# Duck or goose fajitas



## Ryan 21 (Sep 10, 2003)

Anybody have any recipies for?


----------



## Leo Porcello (Jul 10, 2003)

What we do is buy those Schilling's Fajita season packets. Cut the breast meat in the recommended strips and then marinate them. Then just fry they up with all the normal Fajita vegetables. If this is not helpful just let me know and I will put in all the details. Anyway those Shcillings packets are pretty good. McCormick also makes some good season packets as well.

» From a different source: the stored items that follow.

(* Let $G$ be a bipartite graph and let $M$ be a maximum matching in $G$ such that $\mathrm{diss}(G)=\frac{4}{3}\alpha(G-M)$. Then $\alpha(G-M)=\alpha(G)$, the graphs $G$ and $G-M$ have the same matching number, and for every maximum dissociation set $I$ of $G$, the induced subgraph $G[I]$ is $1$-regular and exactly half of the edges of $G[I]$ belong to $M$ (so $|E(G[I])\cap M|=\frac{\mathrm{diss}(G)}{4}$).
   Context: All graphs are finite, simple and undirected. A set $I$ of vertices of a graph $G$ is a dissociation set if the induced subgraph $G[I]$ has maximum degree at most $1$; $\mathrm{diss}(G)$ is the maximum order of a dissociation set in $G$. $\alpha(H)$ denotes the independence number of $H$. For a set $M$ of edges, $G-M$ is the graph on $V(G)$ with edge set $E(G)\setminus M$. *)

theory Defs
  imports Complex_Main
begin

definition simple_graph :: "'a set \<Rightarrow> 'a set set \<Rightarrow> bool" where
  "simple_graph V E \<longleftrightarrow> finite V \<and>
     (\<forall>e\<in>E. \<exists>u v. e = {u, v} \<and> u \<noteq> v \<and> u \<in> V \<and> v \<in> V)"

definition bipartite :: "'a set \<Rightarrow> 'a set set \<Rightarrow> bool" where
  "bipartite V E \<longleftrightarrow> (\<exists>A B. A \<union> B = V \<and> A \<inter> B = {} \<and>
     (\<forall>e\<in>E. card (e \<inter> A) = 1 \<and> card (e \<inter> B) = 1))"

definition matching :: "'a set set \<Rightarrow> 'a set set \<Rightarrow> bool" where
  "matching E M \<longleftrightarrow> M \<subseteq> E \<and> (\<forall>e\<in>M. \<forall>f\<in>M. e \<noteq> f \<longrightarrow> e \<inter> f = {})"

definition max_matching :: "'a set set \<Rightarrow> 'a set set \<Rightarrow> bool" where
  "max_matching E M \<longleftrightarrow> matching E M \<and> (\<forall>M'. matching E M' \<longrightarrow> card M' \<le> card M)"

definition matching_number :: "'a set set \<Rightarrow> nat" where
  "matching_number E = Max {card M | M. matching E M}"

definition indep_set :: "'a set \<Rightarrow> 'a set set \<Rightarrow> 'a set \<Rightarrow> bool" where
  "indep_set V E S \<longleftrightarrow> S \<subseteq> V \<and> (\<forall>e\<in>E. \<not> e \<subseteq> S)"

definition alpha :: "'a set \<Rightarrow> 'a set set \<Rightarrow> nat" where
  "alpha V E = Max {card S | S. indep_set V E S}"

definition induced_edges :: "'a set set \<Rightarrow> 'a set \<Rightarrow> 'a set set" where
  "induced_edges E S = {e \<in> E. e \<subseteq> S}"

definition induced_degree :: "'a set set \<Rightarrow> 'a set \<Rightarrow> 'a \<Rightarrow> nat" where
  "induced_degree E S v = card {e \<in> induced_edges E S. v \<in> e}"

definition diss_set :: "'a set \<Rightarrow> 'a set set \<Rightarrow> 'a set \<Rightarrow> bool" where
  "diss_set V E S \<longleftrightarrow> S \<subseteq> V \<and> (\<forall>v\<in>S. induced_degree E S v \<le> 1)"

definition diss :: "'a set \<Rightarrow> 'a set set \<Rightarrow> nat" where
  "diss V E = Max {card S | S. diss_set V E S}"

definition max_diss_set :: "'a set \<Rightarrow> 'a set set \<Rightarrow> 'a set \<Rightarrow> bool" where
  "max_diss_set V E S \<longleftrightarrow> diss_set V E S \<and> card S = diss V E"

end

theory Submission
  imports Defs
begin

text \<open>Let \<open>\<alpha>' = \<alpha>(G - M)\<close> and let \<open>I\<close> be a maximum dissociation set whose induced edges
  consist of \<open>a\<close> edges of \<open>M\<close> and \<open>b\<close> other edges. Deleting one end of each non-\<open>M\<close> edge of \<open>G[I]\<close>
  leaves an independent set of \<open>G - M\<close>, so \<open>|I| \<le> \<alpha>' + b\<close>; every edge of \<open>M\<close> not inside \<open>I\<close>
  meets \<open>V - I\<close>, so \<open>|M| \<le> a + |V| - |I|\<close>; K\<ouml>nig's theorem for the bipartite graph \<open>G - M\<close>
  gives \<open>|V| \<le> \<alpha>' + |M|\<close>; and \<open>G[I]\<close> is a matching, so \<open>2(a + b) \<le> |I|\<close>. Together these
  give \<open>3|I| \<le> 4\<alpha>'\<close>, so under the hypothesis every estimate is an equality. This yields
  \<open>a = b\<close>, the 1-regularity of \<open>G[I]\<close>, and, with K\<ouml>nig's theorem for \<open>G\<close> and \<open>G - M\<close>, the
  equalities for \<open>\<alpha>\<close> and the matching number.\<close>

lemma sdr_glue:
  assumes "S \<subseteq> X"
    and "inj_on f S" "\<forall>x\<in>S. f x \<in> N x \<inter> Y"
    and "inj_on g (X - S)" "\<forall>x\<in>X - S. g x \<in> N x - Y"
  shows "\<exists>h. inj_on h X \<and> (\<forall>x\<in>X. h x \<in> N x)"
proof -
  define h where "h x = (if x \<in> S then f x else g x)" for x
  have "inj_on h (S \<union> (X - S))"
    unfolding inj_on_Un using assms by (auto simp: h_def inj_on_def)
  moreover have "S \<union> (X - S) = X" using assms(1) by blast
  ultimately show ?thesis using assms(3,5) by (auto simp: h_def)
qed
lemma commuting_affine_maps_common_fixed_point:
  fixes \<mu>1 \<mu>2 c1 c2 :: "'a::field"
  assumes "\<mu>1 * c2 + c1 = \<mu>2 * c1 + c2" and "\<mu>1 \<noteq> 1 \<or> \<mu>2 \<noteq> 1"
  shows "\<exists>z. \<mu>1 * z + c1 = z \<and> \<mu>2 * z + c2 = z"
  using assms(2)
proof
  assume "\<mu>1 \<noteq> 1"
  then have "\<mu>2 * (c1 / (1 - \<mu>1)) + c2 = c1 / (1 - \<mu>1)"
    using assms(1) by (simp add: field_simps)
  then show ?thesis using \<open>\<mu>1 \<noteq> 1\<close> by (intro exI[of _ "c1 / (1 - \<mu>1)"]) (simp add: field_simps)
next
  assume "\<mu>2 \<noteq> 1"
  then have "\<mu>1 * (c2 / (1 - \<mu>2)) + c1 = c2 / (1 - \<mu>2)"
    using assms(1) by (simp add: field_simps)
  then show ?thesis using \<open>\<mu>2 \<noteq> 1\<close> by (intro exI[of _ "c2 / (1 - \<mu>2)"]) (simp add: field_simps)
qed
lemma bounded_if_affine_unimodular_shifts:
  fixes f :: "'d \<Rightarrow> pt \<Rightarrow> 'a::real_normed_field"
  assumes "finite D"
    and shift1: "\<forall>d\<in>D. \<forall>x. f d (padd x (1, 0)) = \<mu>1 * f d x + c1"
    and shift2: "\<forall>d\<in>D. \<forall>x. f d (padd x (0, 1)) = \<mu>2 * f d x + c2"
    and unimodular: "norm \<mu>1 = 1" "norm \<mu>2 = 1"
    and "\<mu>1 \<noteq> 1 \<or> \<mu>2 \<noteq> 1"
  shows "\<exists>M. \<forall>d\<in>D. \<forall>x. norm (f d x) \<le> M"
proof (cases "D = {}")
  case False
  then obtain d0 where d0: "d0 \<in> D" by blast
  have "f d0 (padd (padd (0, 0) (1, 0)) (0, 1)) = \<mu>2 * (\<mu>1 * f d0 (0, 0) + c1) + c2"
    and "f d0 (padd (padd (0, 0) (0, 1)) (1, 0)) = \<mu>1 * (\<mu>2 * f d0 (0, 0) + c2) + c1"
    using shift1[rule_format, OF d0] shift2[rule_format, OF d0] by simp_all
  then have "\<mu>1 * c2 + c1 = \<mu>2 * c1 + c2"
    by (simp add: padd_commute_right[of "(0, 0)" "(1, 0)"] algebra_simps)
  then obtain z where "\<mu>1 * z + c1 = z" "\<mu>2 * z + c2 = z"
    using commuting_affine_maps_common_fixed_point assms(6) by blast
  then have c: "c1 = z - \<mu>1 * z" "c2 = z - \<mu>2 * z" by (simp_all add: eq_diff_eq add.commute)
  have "norm (f d x) \<le> (\<Sum>d'\<in>D. norm (f d' (0, 0) - z)) + norm z" if d: "d \<in> D" for d x
  proof -
    have "norm (f d x - z) = norm (f d (0, 0) - z)"
      using shift1[rule_format, OF d] shift2[rule_format, OF d] c
      by (intro norm_const_if_unimodular_shifts[OF _ _ unimodular]) (simp_all add: algebra_simps)
    then show ?thesis
      using norm_triangle_sub[of "f d x" z] member_le_sum[OF d, of "\<lambda>d'. norm (f d' (0, 0) - z)"] assms(1)
      by simp
  qed
  then show ?thesis by blast
qed simp
(* For every pacing function $\mu:\Theta\to\mathbb{R}_{\ge0}$, every $(w,B)\in\Theta$ and every $t\ge 0$, $\sup_{b:A\to\mathbb{R}_{\ge0}}\Big\{\mathbb{E}_{\alpha,\{\theta_i\}_{i=1}^{n-1}}\big[(w^T\alpha-(1+t)b(\alpha))\mathbf 1\{b(\alpha)\ge\max(r(\alpha),\{\beta^\mu(\theta_i,\alpha)\}_i)\}\big]\Big\}+tB \;=\; q^\mu(w,B,t),$ where the supremum is over measurable $b$, $\alpha\sim F$ and $\theta_1,\dots,\theta_{n-1}\sim G$ i.i.d. independent of $\alpha$, and $q^\mu(w,B,t):=(1+t)\,\mathbb{E}_{\alpha\sim F}\Big[\mathbf 1\Big\{\frac{w^T\alpha}{1+t}\ge r(\alpha)\Big\}\int_{r(\alpha)}^{\frac{w^T\alpha}{1+t}}H^\mu_\alpha(s)\,ds\Big]+tB.$
   Context: Setting. Fix integers $n\ge 2$ and $d\ge 2$, and constants $U>0$, $B_{\min}>0$. Buyer types are $\theta=(w,B)\in\Theta:=(0,U)^d\times(B_{\min},U)$; $\Theta_w:=(0,U)^d$. Item types are $\alpha\in A\subset\mathbb{R}^d_{+}$ (strictly positive orthant); all sets carry the Lebesgue $\sigma$-algebra. $F$ is a probability distribution on $A$ with a density and $G$ a probability distribution on $\Theta$ with a density. Buyer $(w,B)$ values item $\alpha$ at $w^T\alpha$; $\omega>0$ is a constant with $w^T\alpha\le\omega$ for all $w\in\Theta_w,\alpha\in A$. Reserve prices: measurable $r:A\to(0,\infty)$. A pacing function is a measurable $\mu:\Theta\to\mathbb{R}_{\ge0}$. For $\alpha\in A$, $\lambda^\mu_\alpha$ is the distribution of $w^T\alpha/(1+\mu(w,B))$ when $(w,B)\sim G$, and $H^\mu_\alpha$ the distribution of the maximum of $n-1$ i.i.d. draws from $\lambda^\mu_\alpha$; $H^\mu_\alpha(x):=\lambda^\mu_\alpha((-\infty,x])^{n-1}$. Define $\sigma^\mu_\alpha(x)=x$ if $x<r(\alpha)$; for $x\ge r(\alpha)$, $\sigma^\mu_\alpha(x)=x-\int_{r(\alpha)}^x \frac{H^\mu_\alpha(s)}{H^\mu_\alpha(x)}ds$ if $H^\mu_\alpha(x)>0$ and $\sigma^\mu_\alpha(x)=r(\alpha)$ if $H^\mu_\alpha(x)=0$. The value-pacing-based strategy is $\beta^\mu(w,B,\alpha):=\sigma^\mu_\alpha\big(w^T\alpha/(1+\mu(w,B))\big)$. *)

theory Defs
  imports "HOL-Probability.Probability"
begin

definition Theta :: "real \<Rightarrow> real \<Rightarrow> ((real^'d) \<times> real) set" where
  "Theta U Bmin = {(w, B). (\<forall>i. 0 < w $ i \<and> w $ i < U) \<and> Bmin < B \<and> B < U}"

definition Theta_w :: "real \<Rightarrow> (real^'d) set" where
  "Theta_w U = {w. \<forall>i. 0 < w $ i \<and> w $ i < U}"

definition lam_cdf :: "((real^'d) \<times> real) measure \<Rightarrow> ((real^'d) \<times> real \<Rightarrow> real)
    \<Rightarrow> real^'d \<Rightarrow> real \<Rightarrow> real" where
  "lam_cdf G \<mu> \<alpha> x = measure G {\<theta> \<in> space G. (fst \<theta> \<bullet> \<alpha>) / (1 + \<mu> \<theta>) \<le> x}"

Once again I hope this helps a little.


----------



## Ryan 21 (Sep 10, 2003)

Thanks!!


----------



## jimbob357 (Jan 2, 2006)

I've used this for whole chicken breasts and whole venison roasts.
1/4 cup lime juice
3 Tbls. olive oil OR vegetable oil - divided
4 cloves garlic - crushed
3 tsp. soy sauce - divided
1 tsp. salt
1/2 tsp. liquid smoke
1/2 tsp. cayenne pepper
1/4 tsp. black pepper
1 lb. boned, skinned chicken breasts OR skirt steak
2 Tbls. water
1/2 tsp. lime juice
1 dash salt
1 dash black pepper
1 lrg. Spanish onion - sliced thin 
1/2 med. green bell pepper - seeded, sliced thin
1/2 med. red bell pepper - seeded, sliced thin
1/2 med. yellow bell pepper - seeded, sliced thin

-Combine 1/4 cup lime juice, 2 Tbls. oil, garlic, 2 tsp. soy sauce, 1 tsp. salt, 
liquid smoke, cayenne pepper, and 1/4 tsp. black pepper in a sealable plastic 
container, add chicken/steak to container, cover, and refrigerate for at least
2 hours, or overnight (preferred).
-Combine water, 1 tsp. soy sauce, 1/2 tsp. lime juice, and a dash of salt and 
pepper; set aside.
-Grill meat over a medium-high flame for 4-5 minutes per side, or until cooked 
through.
-Cut meat into thin strips; set aside and keep warm.
-In a large skillet over medium-high heat, cook onion and peppers in remaining 
1 Tbls. oil until brown; remove from heat; pour reserved liquid mixture over 
onions and peppers.
-Toss together meat, onions, and peppers.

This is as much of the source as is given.